Recent studies were mainly focused on the functions of matrix proteins in shell formation. Although the roles of matrix proteins in crystal growth have been gradually revealed, more upstream regulating proteins should be studied. Fam20C could be one of the candidates due to its kinase property. We showed that Fam20C was a highly conserved protein among different species. Interestingly, Fam20C lacked signal peptides and transmembrane peptides in most invertebrates, which has implications for understanding the different function of Fam20C.

RT-PCR results indicated that Fam20C may have diverse functions besides mineralization function. The distribution in gonads suggested that Fam20C may be related to development and cell differentiation. Its abundant distribution in mantle edge indicated that it plays important roles in shell formation. As it is known, the mantle is the most important tissue involved in biomineralization and different regions of mantle are responsible for periostracum, prismatic layer, nacreous layer according to their expression and secretion of matrix proteins or regulating proteins. Previous studies revealed that the proteins such as KRMP family31 expressed in mantle edge were responsible for prismatic layer formation, and proteins expressed in mantle pallial such as MSI6032 and nacrein8 constructed the nacreous layer. The proteins from the outer epithelial cells of the middle fold, such as tyrosinase31 were responsible for periostracum formation. The proteins from the inner epithelial cells of the inner fold, such as MSI733, participated in the formation of nacreous layer. Based on that, Fam20C may be related to the formation of all shell layers. However, recent studies showed that protein secreted from specific regions cannot determine its function in biomineralization from the studies of PfN2334 and PfN4435. The relation between protein locating regions and shell layer formation needs to be studied further. Previous studies revealed that Prodissoconch I, composed of amorphous calcium carbonate, forms at the early D-shaped stage; whereas Prodissoconch II, which contains aragonite and calcite, appears in the late D-shaped and umbonal stages36. Dissoconch shell, the original shell with an inner nacreous layer and an outer prismatic layer, forms at the juvenile stage and grows throughout life30. The distribution of gene expression in different development stages showed that Fam20C had a close connection with Prodissoconchi I formation and may be involved in larval development due to its high expression in gonad.

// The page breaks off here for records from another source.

(* Let $\mathscr P$ be a polymatroid and let $\mathrm{Stal}_{\mathscr P}$ be computed with respect to any lexicographic order on $\mathbb N^p$. Then $\mathrm{Stal}_{\mathscr P}(\mathbf t)=\text{M\"ob}_{\mathscr P}(\mathbf t)$.
   Context: Notation: $[p]=\{1,\dots,p\}$; $\mathbf e_i$ is the $i$th standard basis vector; $\mathbf e_J=\sum_{j\in J}\mathbf e_j$; $|\mathbf n|=n_1+\dots+n_p$; $\le$ is componentwise, $<$ its strict version; $\mathbf t^{\mathbf n}=t_1^{n_1}\cdots t_p^{n_p}$. Polymatroid: a finite set $\mathscr P\subseteq\mathbb N^p$ that is homogeneous (all $\mathbf u\in\mathscr P$ have the same $|\mathbf u|$, the rank $\mathrm{rk}(\mathscr P)$) and M-convex: for all $\mathbf u,\mathbf v\in\mathscr P$ and $i$ with $u_i>v_i$ there is $j$ with $u_j<v_j$ and $\mathbf u-\mathbf e_i+\mathbf e_j\in\mathscr P$. $I(\mathscr P)=\{\mathbf n\in\mathbb N^p:\mathbf n\le\mathbf u\text{ for some }\mathbf u\in\mathscr P\}$. Lexicographic orders: given a total ordering $\sigma_1,\dots,\sigma_p$ of $[p]$, $\mathbf u\prec\mathbf v$ iff $\mathbf u\neq\mathbf v$ and at the first index (in the order $\sigma_1,\sigma_2,\dots$) where they differ, $\mathbf u$ has the smaller entry. Stalactites: for $\mathbf u\in\mathscr P$, $V\subseteq\mathscr P$, $L(\mathbf u;V)=\{\ell\in[p]:\mathbf u-\mathbf e_\ell+\mathbf e_j\in V\text{ for some }j\}$, $\mathrm{St}(\mathbf u;V)=\{\mathbf u-\mathbf e_J:J\subseteq L(\mathbf u;V)\}$. With $\mathscr P=\{\mathbf a_1\prec\dots\prec\mathbf a_r\}$, $c_{\mathbf n}(\mathscr P)$ is the number of $k$ with $\mathbf n\in\mathrm{St}(\mathbf a_k;\{\mathbf a_1,\dots,\mathbf a_{k-1}\})$; $\mathrm{Stal}_{\mathscr P}(\mathbf t)=\sum_{\mathbf n\in I(\mathscr P)}(-1)^{\mathrm{rk}(\mathscr P)-|\mathbf n|}c_{\mathbf n}(\mathscr P)\mathbf t^{\mathbf n}$. M\"obius polynomial: $P$ is the poset on $I(\mathscr P)\sqcup\{\hat1\}$ (componentwise order on $I(\mathscr P)$, $\hat1$ a new maximum), $\mu_P(\mathbf m,\mathbf m)=1$, $\mu_P(\mathbf m,\mathbf n)=-\sum_{\mathbf m\le\mathbf a<\mathbf n}\mu_P(\mathbf m,\mathbf a)$ for $\mathbf m<\mathbf n$; $\mu_{\mathscr P}(\mathbf n)=-\mu_P(\mathbf n,\hat1)$; $\text{M\"ob}_{\mathscr P}(\mathbf t)=\sum_{\mathbf n\in I(\mathscr P)}\mu_{\mathscr P}(\mathbf n)\mathbf t^{\mathbf n}$. *)

theory Defs
  imports Main
begin

(* Vectors in N^p are functions nat => nat, indexed by [p] = {1..p}, zero outside [p]. *)
definition vecs :: "nat \<Rightarrow> (nat \<Rightarrow> nat) set" where
  "vecs p = {v. \<forall>i. i \<notin> {1..p} \<longrightarrow> v i = 0}"
(* Let $n\geq 3$ be an integer and $p$ a prime with $\gcd(n,p(p-1))=1$. (1) Let $F(x,y)=ax^n+by^n$ with $a,b$ integers, $ab\neq 0$, and $\nu_p(a)\equiv\nu_p(b)\pmod n$. Then $R(F)$ is dense in $\mathbb{Q}_p$. (2) Let $r\geq 2$ and $F(x_1,\ldots,x_r)=a_1x_1^n+a_2x_2^n+\cdots+a_rx_r^n$ with $a_1,\ldots,a_r$ integers, $a_1a_2\cdots a_r\neq 0$, such that $\nu_p(a_i)\equiv\nu_p(a_j)\pmod n$ for some $1\leq i<j\leq r$. Then $R(F)$ is dense in $\mathbb{Q}_p$.
   Context: For an integral form $F$ in $r$ variables, $R(F)=\{F(\overline{x})/F(\overline{y}):\overline{x},\overline{y}\in\mathbb{Z}^r,\ F(\overline{y})\neq 0\}$, viewed as a subset of the field $\mathbb{Q}_p$ of $p$-adic numbers with its $p$-adic topology. $\nu_p$ denotes the $p$-adic valuation. *)

theory Defs
  imports "HOL-Computational_Algebra.Computational_Algebra" "HOL-Number_Theory.Cong"
begin

definition padic_val :: "nat \<Rightarrow> rat \<Rightarrow> int" where
  "padic_val p q = (case quotient_of q of (a, b) \<Rightarrow>
      int (multiplicity (int p) a) - int (multiplicity (int p) b))"

definition padic_abs :: "nat \<Rightarrow> rat \<Rightarrow> real" where
  "padic_abs p q = (if q = 0 then 0 else real p powi (- padic_val p q))"

text \<open>A set of rationals is dense in Q_p iff every point of Q_p is a limit of it;
  since Q is dense in Q_p this is equivalent to: every rational is approximable
  arbitrarily well in the p-adic absolute value.\<close>
definition padic_dense :: "nat \<Rightarrow> rat set \<Rightarrow> bool" where
  "padic_dense p S \<longleftrightarrow> (\<forall>q::rat. \<forall>\<epsilon>::real. \<epsilon> > 0 \<longrightarrow> (\<exists>s\<in>S. padic_abs p (s - q) < \<epsilon>))"

text \<open>R(F) for an integral form F, with integer vectors modelled as nat \<Rightarrow> int
  (F only depends on the first r coordinates).\<close>
definition ratio_set :: "((nat \<Rightarrow> int) \<Rightarrow> int) \<Rightarrow> rat set" where
  "ratio_set F = {of_int (F x) / of_int (F y) | x y. F y \<noteq> 0}"

end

Shell notching experiments were carried out to detect the in vivo effect of fam20C during shell repair process. fam20C expression responded positively during the shell regeneration process after shell notching and the expression level of fam20C then decreased gradually to a relatively stable value. The RNAi experiment is an effective way to detect functions of matrix proteins in vivo, such as Pif, PfN23, and PfN4428,34,35. Knockdown of fam20C affected the shell formation especially the nacre formation.

In conclusion, we provided evidences that fam20C participated in shell formation. Regulation of shell biomineralization is a sophisticated biological process, which requires participation of many cells and proteins. Shell formation is not regulated by one protein. We assume that Fam20C is a regulator in biomineralization and it acts as a controller rather than an inhibitor or enhancer. However, whether Fam20C phosphorylates matrix proteins in the shell formation process still remain unexplored and warrants further study. Nevertheless, this study provides a novel understanding of the function of fam20C in mollusk, which has implications for understanding the regulation mechanisms of shell formation as well as for the development of nacre-like materials. Moreover, it lays foundation for future study about the relationship between regulating proteins and matrix proteins, which can give us more information about biomineralization from a new perspective.